Exercise directions →
In the entries below, every line with the string "unfolding" is to be reported.

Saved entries
(* For any loxodromic element $r\in\mathrm{Spin}(1,n)$ we have \[\ell(r)\ \geq\ 2\cosh^{-1}(|r_{\mathbb{R}}|).\]
   Context: Let $\tilde Q=y_0^2-y_1^2-\cdots-y_n^2$ on $E=\mathbb{R}^{n+1}$ with orthogonal basis $e_0,\dots,e_n$. The Clifford algebra $\mathscr{C}(\tilde Q,\mathbb{R})$ is the tensor algebra of $E$ modulo the relations $x\otimes y+y\otimes x=2\Phi(x,y)$ ($\Phi$ the bilinear form of $\tilde Q$); it has basis $e_M=e_{\mu_1}\cdots e_{\mu_\nu}$ for subsets $M=\{\mu_1<\dots<\mu_\nu\}$ (with $e_\emptyset=1$), and every $s$ is uniquely $s=s_{\mathbb{R}}\cdot 1+\sum_{M\neq\emptyset}s_Me_M$; $s_{\mathbb{R}}$ is the real part of $s$. The anti-involution $*$ is defined by $e_M^*=(-1)^{\nu(\nu-1)/2}e_M$, $\nu=|M|$. The even subalgebra $\mathscr{C}^+$ is spanned by $e_M$ with $|M|$ even, and $\mathrm{Spin}(1,n)=\{s\in\mathscr{C}^+ : sEs^*\subseteq E,\ ss^*=1\}$. Each $s\in \mathrm{Spin}(1,n)$ acts on hyperbolic $n$-space (the sheet with $y_0>0$ of $\{\tilde Q=1\}$, with the induced metric from $-\tilde Q$) by the orientation-preserving isometry $\varphi_s(x)=sxs^*$; $s$ is called loxodromic if $\varphi_s$ fixes exactly two points on the boundary at infinity, and $\ell(s)=\inf_x d(x,\varphi_s(x))$ is its translation length. *)

theory Defs
  imports Complex_Main
begin

text \<open>Clifford algebra of Q = y0^2 - y1^2 - ... - yn^2 on R^(n+1), basis e_0..e_n.
  An element is represented by its coefficient function M \<mapsto> s_M on subsets
  M of {0..n}; coefficients outside Pow {0..n} are 0 for genuine elements.\<close>

type_synonym cl = "nat set \<Rightarrow> real"

text \<open>Sign in e_M e_N = blade_sign M N * e_(M symdiff N), for an orthogonal basis
  with e_0^2 = 1 and e_i^2 = -1 (i \<ge> 1).\<close>
definition blade_sign :: "nat set \<Rightarrow> nat set \<Rightarrow> real" where
  "blade_sign M N =
     (-1) ^ card {(i, j). i \<in> M \<and> j \<in> N \<and> j < i} * (-1) ^ card (M \<inter> N - {0})"

definition clmul :: "nat \<Rightarrow> cl \<Rightarrow> cl \<Rightarrow> cl" where
  "clmul n s t = (\<lambda>K. \<Sum>M\<in>Pow {0..n}. \<Sum>N\<in>Pow {0..n}.
      if (M - N) \<union> (N - M) = K then s M * t N * blade_sign M N else 0)"

definition clone :: cl where
  "clone = (\<lambda>M. if M = {} then 1 else 0)"

definition clstar :: "cl \<Rightarrow> cl" where
  "clstar s = (\<lambda>M. (-1) ^ (card M * (card M - 1) div 2) * s M)"

definition re_part :: "cl \<Rightarrow> real" where
  "re_part s = s {}"

text \<open>Vectors of E = R^(n+1) are functions nat \<Rightarrow> real vanishing above n.\<close>
definition vec_cl :: "nat \<Rightarrow> (nat \<Rightarrow> real) \<Rightarrow> cl" where
  "vec_cl n x = (\<lambda>M. \<Sum>i\<le>n. if M = {i} then x i else 0)"

definition cl_vec :: "nat \<Rightarrow> cl \<Rightarrow> (nat \<Rightarrow> real)" where
  "cl_vec n s = (\<lambda>i. if i \<le> n then s {i} else 0)"

definition in_E :: "nat \<Rightarrow> (nat \<Rightarrow> real) \<Rightarrow> bool" where
  "in_E n x \<longleftrightarrow> (\<forall>i>n. x i = 0)"

definition Ecl :: "nat \<Rightarrow> cl set" where
  "Ecl n = {t. \<forall>M. t M \<noteq> 0 \<longrightarrow> card M = 1 \<and> M \<subseteq> {0..n}}"

definition Spin :: "nat \<Rightarrow> cl set" where
  "Spin n = {s. (\<forall>M. \<not> M \<subseteq> {0..n} \<longrightarrow> s M = 0)
              \<and> (\<forall>M. odd (card M) \<longrightarrow> s M = 0)
              \<and> (\<forall>x. in_E n x \<longrightarrow> clmul n (clmul n s (vec_cl n x)) (clstar s) \<in> Ecl n)
              \<and> clmul n s (clstar s) = clone}"

definition Phi :: "nat \<Rightarrow> (nat \<Rightarrow> real) \<Rightarrow> (nat \<Rightarrow> real) \<Rightarrow> real" where
  "Phi n x y = x 0 * y 0 - (\<Sum>i=1..n. x i * y i)"

definition act :: "nat \<Rightarrow> cl \<Rightarrow> (nat \<Rightarrow> real) \<Rightarrow> (nat \<Rightarrow> real)" where
  "act n s x = cl_vec n (clmul n (clmul n s (vec_cl n x)) (clstar s))"

definition Hyp :: "nat \<Rightarrow> (nat \<Rightarrow> real) set" where
  "Hyp n = {x. in_E n x \<and> x 0 > 0 \<and> Phi n x x = 1}"

definition hdist :: "nat \<Rightarrow> (nat \<Rightarrow> real) \<Rightarrow> (nat \<Rightarrow> real) \<Rightarrow> real" where
  "hdist n x y = arcosh (Phi n x y)"

text \<open>Boundary at infinity: future null rays, each represented by its unique
  representative with v_0 = 1.\<close>
definition bdry :: "nat \<Rightarrow> (nat \<Rightarrow> real) set" where
  "bdry n = {v. in_E n v \<and> v 0 = 1 \<and> Phi n v v = 0}"

text \<open>Boundary points fixed by the (linear extension of) phi_s: s v s^* lies on the ray of v.\<close>
definition fixed_bdry :: "nat \<Rightarrow> cl \<Rightarrow> (nat \<Rightarrow> real) set" where
  "fixed_bdry n s = {v \<in> bdry n. \<exists>c>0. act n s v = (\<lambda>i. c * v i)}"

definition loxodromic :: "nat \<Rightarrow> cl \<Rightarrow> bool" where
  "loxodromic n s \<longleftrightarrow> finite (fixed_bdry n s) \<and> card (fixed_bdry n s) = 2"

definition transl_len :: "nat \<Rightarrow> cl \<Rightarrow> real" where
  "transl_len n s = (INF x\<in>Hyp n. hdist n x (act n s x))"

end

(*
  For x in hyperbolic space with Clifford image X (so X X = 1), cosh d(x, r x r* ) is the real part
  of X r X r*. The rotor G = 1 + X e_0 satisfies G G* = G* G = k and G e_0 G* = k X, where
  k = 2 + 2 x_0. Hence w = G* r G gives k^2 cosh d = Re(e_0 w e_0 w* ) = sum_M w_M^2, whereas
  Re(w w* ) = sum_M (-1)^|M - {0}| w_M^2 = k^2 because r r* = 1, and Re w = k Re r.
  Adding the two sums leaves only nonnegative terms, among them 2 (Re w)^2, so
  cosh d >= 2 (Re r)^2 - 1 = cosh (2 arcosh |Re r|) at every point x.
*)

theory Submission
  imports Defs
begin

abbreviation symdiff :: "'a set \<Rightarrow> 'a set \<Rightarrow> 'a set" where
  "symdiff M N \<equiv> (M - N) \<union> (N - M)"

lemma symdiff_eq_iff: "symdiff M N = K \<longleftrightarrow> N = symdiff M K"
  by auto

lemma symdiff_symdiff_left [simp]: "symdiff M (symdiff M A) = A"
  by auto

lemma symdiff_symdiff_right [simp]: "symdiff (symdiff K N) K = N"
  by auto

lemma neg_one_power_eq_if_even_add: "even (a + b) \<Longrightarrow> (-1::real) ^ a = (-1) ^ b"
  by (metis minus_one_power_iff even_add)

lemma neg_one_power_card_symdiff:
  assumes "finite A" "finite B"
  shows "(-1::real) ^ card (symdiff A B) = (-1) ^ card A * (-1) ^ card B"
proof -
  have "symdiff A B = A \<union> B - A \<inter> B"
    by auto
  then have "card (symdiff A B) = card (A \<union> B - A \<inter> B)"
    by simp
  also have "\<dots> = card (A \<union> B) - card (A \<inter> B)"
    using assms by (intro card_Diff_subset) auto
  finally have "card (symdiff A B) = card (A \<union> B) - card (A \<inter> B)" .
  moreover have "card (A \<union> B) + card (A \<inter> B) = card A + card B"
    using assms by (rule card_Un_Int[symmetric])
  moreover have "card (A \<inter> B) \<le> card (A \<union> B)"
    using assms by (intro card_mono) auto
  ultimately have "card A + card B = card (symdiff A B) + 2 * card (A \<inter> B)"
    by linarith
  then have "(-1::real) ^ card A * (-1) ^ card B
      = (-1) ^ card (symdiff A B) * ((-1) ^ 2) ^ card (A \<inter> B)"
    by (metis power_add power_mult)
  then show ?thesis
    by simp
qed

definition inversions :: "nat set \<Rightarrow> nat set \<Rightarrow> (nat \<times> nat) set" where
  "inversions M N = {(i, j). i \<in> M \<and> j \<in> N \<and> j < i}"

lemma blade_sign_inversions:
  "blade_sign M N = (-1) ^ card (inversions M N) * (-1) ^ card (M \<inter> N - {0})"
  unfolding blade_sign_def inversions_def ..

lemma finite_inversions: "finite M \<Longrightarrow> finite N \<Longrightarrow> finite (inversions M N)"
  unfolding inversions_def by (rule finite_subset[of _ "M \<times> N"]) auto

lemma card_inversions_swap:
  assumes "finite M" "finite N"
  shows "card (inversions M N) + card (inversions N M) + card (M \<inter> N) = card M * card N"
proof -
  let ?D = "(\<lambda>i. (i, i)) ` (M \<inter> N)"
  have fin: "finite (inversions M N)" "finite (prod.swap ` inversions N M)" "finite ?D"
    using assms by (simp_all add: finite_inversions)
  have "M \<times> N = inversions M N \<union> prod.swap ` inversions N M \<union> ?D"
    unfolding inversions_def by auto
  then have "card M * card N = card (inversions M N \<union> prod.swap ` inversions N M \<union> ?D)"
    by (metis card_cartesian_product)
  also have "\<dots> = card (inversions M N \<union> prod.swap ` inversions N M) + card ?D"
    using fin by (intro card_Un_disjoint) (auto simp: inversions_def)
  also have "card (inversions M N \<union> prod.swap ` inversions N M)
      = card (inversions M N) + card (prod.swap ` inversions N M)"
    using fin by (intro card_Un_disjoint) (auto simp: inversions_def)
  also have "card (prod.swap ` inversions N M) = card (inversions N M)"
    by (rule card_image) (auto simp: inj_on_def)
  also have "card ?D = card (M \<inter> N)"
    by (rule card_image) (simp add: inj_on_def)
  finally show ?thesis ..
qed

lemma blade_sign_symdiff_left:
  assumes "finite M" "finite N" "finite K"
  shows "blade_sign (symdiff M N) K = blade_sign M K * blade_sign N K"
proof -
  have "inversions (symdiff M N) K = symdiff (inversions M K) (inversions N K)"
    unfolding inversions_def by auto
  moreover have "symdiff M N \<inter> K - {0} = symdiff (M \<inter> K - {0}) (N \<inter> K - {0})"
    by auto
  ultimately show ?thesis
    using assms by (simp add: blade_sign_inversions neg_one_power_card_symdiff finite_inversions)
qed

Your solution →
  unfolding blade_sign_def inversions_def ..
  unfolding inversions_def by (rule finite_subset[of _ "M \<times> N"]) auto
    unfolding inversions_def by auto
    unfolding inversions_def by auto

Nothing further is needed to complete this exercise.